Now, I personally need better pdf support. Since it wasn’t listed above i decided to try it out. Just to see.

Creating and Searching Solr collections in ColdFusion

This section is review.  It focuses on how to create search indexes (called collections in CF) using both the CF Adminsitrator and using line code (cfcollection, cfindex, cfsearch)

Creating and indexing Solr Collections in ColdFusion Administrator

  1. Log in to CF administrator on your CF9 server.
  2. Under Data and Services, select “ColdFusion Collections”
  3. At the top of the page, begin creating your collection.
    1. type a name for your collection, and
    2. a path where the data files should be stored (i use c:\coldfusion9\collections–this file does not need to be inside of your web space, though it can be).
    3. At the bottom of the form, before the list of collections, choose “Solr Collection” (for now we will skip the language and category, we’ll come back to this in a later post)
    4. Click “Create Collection”.
  4. Moving down this CF Admin page, note the four icons beside your new collection in the collections list.  They are in order: index, optimize, purge and delete.

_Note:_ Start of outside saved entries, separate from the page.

lemma dim_prod_incident_le:
  assumes "finite T" "T \<subseteq> {..<n}" "F \<subseteq> E" "\<forall>e\<in>F. ends e \<inter> T \<noteq> {}"
  shows "dim_prod F \<le> M ^ card T"
  using assms
proof (induction T arbitrary: F rule: finite_induct)
  case (insert v T)
  define F\<^sub>v where "F\<^sub>v = {e\<in>F. v \<in> ends e}"
  have "dim_prod F\<^sub>v \<le> tensor_entries E ends d v"
    unfolding tensor_entries_def dim_prod_def[symmetric]
    using insert.prems(2) by (intro dim_prod_mono) (auto simp: F\<^sub>v_def)
  also have "\<dots> \<le> M"
    using tensor_network insert.prems(1) by (simp add: tensor_network_def)
  finally have "dim_prod F\<^sub>v \<le> M" .
  moreover have "dim_prod (F - F\<^sub>v) \<le> M ^ card T"
    using insert.prems by (intro insert.IH) (auto simp: F\<^sub>v_def)
  moreover have "finite F"
    using insert.prems(2) finite_E finite_subset by blast
  then have "dim_prod F = dim_prod (F - F\<^sub>v) * dim_prod F\<^sub>v"
    unfolding dim_prod_def by (rule prod.subset_diff[rotated]) (auto simp: F\<^sub>v_def)
  ultimately show ?case
    using insert.hyps by (simp add: mult_le_mono mult.commute)
qed (simp add: dim_prod_def)

abbreviation open_idx :: "nat set \<Rightarrow> 'e set" where
  "open_idx C \<equiv> open_indices E ends C"

lemma open_idx_subset: "open_idx C \<subseteq> E"
  by (auto simp: open_indices_def)

lemma open_idx_meets: "e \<in> open_idx C \<Longrightarrow> ends e \<inter> C \<noteq> {}"
  by (auto simp: open_indices_def)

lemma open_idx_all: "open_idx {..<n} = {}"
  using ends_subset tensor_network by (auto simp: open_indices_def tensor_network_def Int_absorb2)

definition crossing :: "nat set \<Rightarrow> nat set \<Rightarrow> 'e set" where
  "crossing S Y = {e\<in>E. ends e \<inter> S \<noteq> {} \<and> ends e \<inter> Y \<noteq> {}}"

lemma dim_prod_crossing_le:
  assumes "S \<subseteq> {..<n}" "S \<inter> X = {}" "S \<inter> Y = {}" "X \<inter> Y = {}"
  shows "dim_prod (crossing S X) * dim_prod (crossing S Y) \<le> M ^ card S"
proof -
  have "crossing S X \<inter> crossing S Y = {}"
  proof (intro equalityI subsetI)
    fix e assume e: "e \<in> crossing S X \<inter> crossing S Y"
    then have "e \<in> E"
      by (simp add: crossing_def)
    then obtain a b where "ends e = {a, b}"
      by (rule ends_pair)
    then show "e \<in> {}"
      using e assms(2-4) by (auto simp: crossing_def)
  qed simp
  then have "dim_prod (crossing S X) * dim_prod (crossing S Y) = dim_prod (crossing S X \<union> crossing S Y)"
    using finite_E by (simp add: dim_prod_def crossing_def prod.union_disjoint)
  also have "\<dots> \<le> M ^ card S"
    using assms(1) finite_subset by (intro dim_prod_incident_le) (auto simp: crossing_def)
  finally show ?thesis .
qed

lemma separation_balanced_side:
  assumes "separation Eg C S A B" "S \<subseteq> {..<n}" "1 \<le> M"
  obtains X Y where "separation Eg C S X Y"
    "real (dim_prod (crossing S Y)) ^ 2 \<le> real M powr real (card S)"
proof -
  have "S \<inter> A = {}" "S \<inter> B = {}" "A \<inter> B = {}"
    using assms(1) by (auto simp: separation_def)
  then have "dim_prod (crossing S A) * dim_prod (crossing S B) \<le> M ^ card S"
    by (rule dim_prod_crossing_le[OF assms(2)])
  then have "real (dim_prod (crossing S A) * dim_prod (crossing S B)) \<le> real (M ^ card S)"
    by (simp only: of_nat_le_iff)
  also have "\<dots> = real M powr real (card S)"
    using assms(3) by (simp add: powr_realpow)
  finally have product: "real (dim_prod (crossing S A) * dim_prod (crossing S B)) \<le> real M powr real (card S)" .
  have square_le: "real x ^ 2 \<le> real (x * y)" if "x \<le> y" for x y :: nat
    using mult_le_mono2[OF that, of x] by (simp add: power2_eq_square flip: of_nat_mult)
  show ?thesis
  proof (cases "dim_prod (crossing S B) \<le> dim_prod (crossing S A)")
    case True
    then show ?thesis
      using that[OF assms(1)] product square_le by (metis mult.commute order_trans)
  next
    case False
    then show ?thesis
      using that[OF separation_swap[OF assms(1)]] product square_le by (metis nle_le order_trans)
  qed
qed

lemma open_idx_separation:
  assumes "separation {f \<in> underlying_edges E ends. f \<subseteq> C} C S X Y"
  shows "open_idx (X \<union> S) \<union> open_idx Y \<subseteq> open_idx C \<union> crossing S Y"
proof
  fix e assume e: "e \<in> open_idx (X \<union> S) \<union> open_idx Y"
  then have "e \<in> E"
    using open_idx_subset by blast
  then obtain a b where ab: "a \<noteq> b" "ends e = {a, b}"
    by (rule ends_pair)
  have "S \<union> X \<union> Y = C" "S \<inter> X = {}" "S \<inter> Y = {}" "X \<inter> Y = {}"
    and "ends e \<subseteq> C \<Longrightarrow> \<not> (ends e \<inter> X \<noteq> {} \<and> ends e \<inter> Y \<noteq> {})"
    using assms \<open>e \<in> E\<close> by (auto simp: separation_def underlying_edges_def)
  then show "e \<in> open_idx C \<union> crossing S Y"
    using e ab \<open>e \<in> E\<close> card_pair_Int_eq_1[OF ab(1)]
    by (auto simp: open_indices_def crossing_def)
qed

lemma square_dim_prod_le_powr_add:
  assumes "F \<subseteq> open_idx C \<union> crossing S Y"
    and "real (dim_prod (open_idx C)) ^ 2 \<le> real M powr b"
    and "real (dim_prod (crossing S Y)) ^ 2 \<le> real M powr t"
  shows "real (dim_prod F) ^ 2 \<le> real M powr (b + t)"
proof (rule square_le_powr_add[OF _ assms(2,3)])
  have "dim_prod F \<le> dim_prod (open_idx C \<union> crossing S Y)"
    using assms(1) open_idx_subset by (intro dim_prod_mono) (auto simp: crossing_def)
  also have "\<dots> \<le> dim_prod (open_idx C) * dim_prod (crossing S Y)"
    using open_idx_subset by (intro dim_prod_Un_le) (auto simp: crossing_def)
  finally show "dim_prod F \<le> dim_prod (open_idx C) * dim_prod (crossing S Y)" .
qed

definition contracts_within :: "real \<Rightarrow> nat set \<Rightarrow> (nat set \<times> nat set) list \<Rightarrow> bool" where
  "contracts_within L C s \<longleftrightarrow> merges (singletons C) s {C} \<and>
     (\<forall>(A, B)\<in>set s. real (dim_prod (open_idx A \<union> open_idx B)) ^ 2 \<le> real M powr L)"

lemma contracts_within_small:
  assumes "1 \<le> M" "C \<subseteq> {..<n}" "C \<noteq> {}" "2 * real (card C) \<le> L"
  shows "\<exists>s. contracts_within L C s"
proof -
  have "finite C"
    using assms(2) finite_subset by blast
  then obtain s where s: "merges (singletons C) s {C}"
    using merges_singletons_exists assms(3) by blast
  have "real (dim_prod (open_idx A \<union> open_idx B)) ^ 2 \<le> real M powr L" if "(A, B) \<in> set s" for A B
  proof -
    have "A \<union> B \<subseteq> C"
      using merges_blocks_subset[OF s that] by (simp add: singletons_def)
    then have "dim_prod (open_idx A \<union> open_idx B) \<le> M ^ card C"
      using assms(2) \<open>finite C\<close> open_idx_subset open_idx_meets
      by (intro dim_prod_incident_le) blast+
    then have "real (dim_prod (open_idx A \<union> open_idx B)) \<le> real M ^ card C"
      by (metis of_nat_le_iff of_nat_power)
    then have "real (dim_prod (open_idx A \<union> open_idx B)) ^ 2 \<le> (real M ^ card C) ^ 2"
      by (rule power_mono) simp
    also have "\<dots> = real M ^ (card C * 2)"
      by (rule power_mult[symmetric])
    also have "\<dots> = real M powr real (card C * 2)"
      using assms(1) by (intro powr_realpow[symmetric]) simp
    also have "\<dots> \<le> real M powr L"
      using assms(1,4) by (intro powr_mono) simp_all
    finally show ?thesis .
  qed
  then show ?thesis
    using s by (auto simp: contracts_within_def)
qed

lemma contracts_within_Un:
  assumes "contracts_within L X sx" "contracts_within L Y sy" "X \<inter> Y = {}" "X \<noteq> {}" "Y \<noteq> {}"
    and "real (dim_prod (open_idx X \<union> open_idx Y)) ^ 2 \<le> real M powr L"
  shows "contracts_within L (X \<union> Y) (sx @ sy @ [(X, Y)])"
  using assms merges_singletons_Un[of X sx Y sy] by (auto simp: contracts_within_def)

lemma contracts_within_split:
  assumes IH: "\<And>C' b'. card C' < card C \<Longrightarrow> C' \<subseteq> {..<n} \<Longrightarrow> C' \<noteq> {} \<Longrightarrow>
      real (dim_prod (open_idx C')) ^ 2 \<le> real M powr b' \<Longrightarrow> b' + \<Phi> (real (card C')) \<le> \<Omega> \<Longrightarrow>
      \<exists>s. contracts_within L C' s"
    and "1 \<le> M" "C \<subseteq> {..<n}"
    and sep: "separation {f \<in> underlying_edges E ends. f \<subseteq> C} C S X Y"
    and crossing: "real (dim_prod (crossing S Y)) ^ 2 \<le> real M powr real (card S)"
    and size: "real (dim_prod (open_idx C)) ^ 2 \<le> real M powr b"
    and budget: "b + \<Phi> (real (card C)) \<le> \<Omega>"
    and small: "real (card S) < real (card C) / 3"
    and final: "b + real (card S) \<le> L"
    and decrease: "\<And>m'. 1 \<le> m' \<Longrightarrow> m' \<le> 2 * real (card C) / 3 + real (card S) \<Longrightarrow>
      \<Phi> m' + real (card S) \<le> \<Phi> (real (card C))"
  shows "\<exists>s. contracts_within L C s"
proof -
  have parts: "X \<union> S \<union> Y = C" "(X \<union> S) \<inter> Y = {}"
    using sep by (auto simp: separation_def)
  have "finite C"
    using \<open>C \<subseteq> {..<n}\<close> finite_subset by blast
  note smaller = separation_parts_smaller[OF sep this small]
  then have nonempty: "X \<union> S \<noteq> {}" "Y \<noteq> {}"
    by auto
  have subsets: "X \<union> S \<subseteq> {..<n}" "Y \<subseteq> {..<n}"
    using parts(1) \<open>C \<subseteq> {..<n}\<close> by auto
  have split: "open_idx (X \<union> S) \<union> open_idx Y \<subseteq> open_idx C \<union> crossing S Y"
    using sep by (rule open_idx_separation)
  have "real (dim_prod (open_idx (X \<union> S))) ^ 2 \<le> real M powr (b + real (card S))"
    "real (dim_prod (open_idx Y)) ^ 2 \<le> real M powr (b + real (card S))"
    using split size crossing by (auto intro: square_dim_prod_le_powr_add)
  moreover have "b + real (card S) + \<Phi> (real (card (X \<union> S))) \<le> \<Omega>"
    "b + real (card S) + \<Phi> (real (card Y)) \<le> \<Omega>"
    using decrease[of "real (card (X \<union> S))"] decrease[of "real (card Y)"] smaller budget
    by (simp_all add: Suc_le_eq)
  ultimately obtain s\<^sub>1 s\<^sub>2 where "contracts_within L (X \<union> S) s\<^sub>1" "contracts_within L Y s\<^sub>2"
    using IH smaller(3,4) subsets nonempty by meson
  moreover have "real (dim_prod (open_idx (X \<union> S) \<union> open_idx Y)) ^ 2 \<le> real M powr L"
  proof -
    have "real M powr (b + real (card S)) \<le> real M powr L"
      using final \<open>1 \<le> M\<close> by (intro powr_mono) auto
    then show ?thesis
      using square_dim_prod_le_powr_add[OF split size crossing] by linarith
  qed
  ultimately have "contracts_within L ((X \<union> S) \<union> Y) (s\<^sub>1 @ s\<^sub>2 @ [(X \<union> S, Y)])"
    using nonempty parts(2) by (intro contracts_within_Un)
  then show ?thesis
    unfolding parts(1) by blast
qed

Your collection is created. Of course it’s empty and useless right now, but we have a framework into which we put our indexed collection.

Indexing a Collection using CF Administrator

Assuming you are still logged in to the CF Administrator and have just created the collection.  If you aren’t, you can catch up using step 1 and 2 above.

  1. In the collections list, find your collection.  Click on the first icon on the left, “index”. This is where the magic gets done.
  2. The page you reach is called the “manage collection” page and it offers three forms.  one for indexing collections, one for aliasing them (a more advanced topic if i ever saw one) and one for renaming collections.  Our focus is the topmost form.
    1. Enter the filetypes to be indexed. CF indicates that the possibilities are endless and provides some catch-all filetypes like *. (files with no extension) and .* (all files). Since my site has a lot of xml files and such that i don’t want to index, i chose the following “.htm, .html, .cfm, .cfml, .pdf, .doc, .odt, .docx, .xls, .xlsx” but you should review your file types and try what you think will work.
    2. Enter or choose a path. This is the path that contains the files you want indexed, not the storage path.
    3. If all your files are NOT in the same directory and you chose a parent directory, click “Recurseively index subdirectories” otherwise, ignore the rest of the form.
    4. Click “Submit”
  3. Wait. Note to those who develop on a local machine. This can be a massive request and a time out could occur. It’s not likely to happen on production, but i’ve seen it on large collections on test and staging servers also. If it does, well you’re playing around. Make your search smaller either by limiting the directories or limiting the filetypes.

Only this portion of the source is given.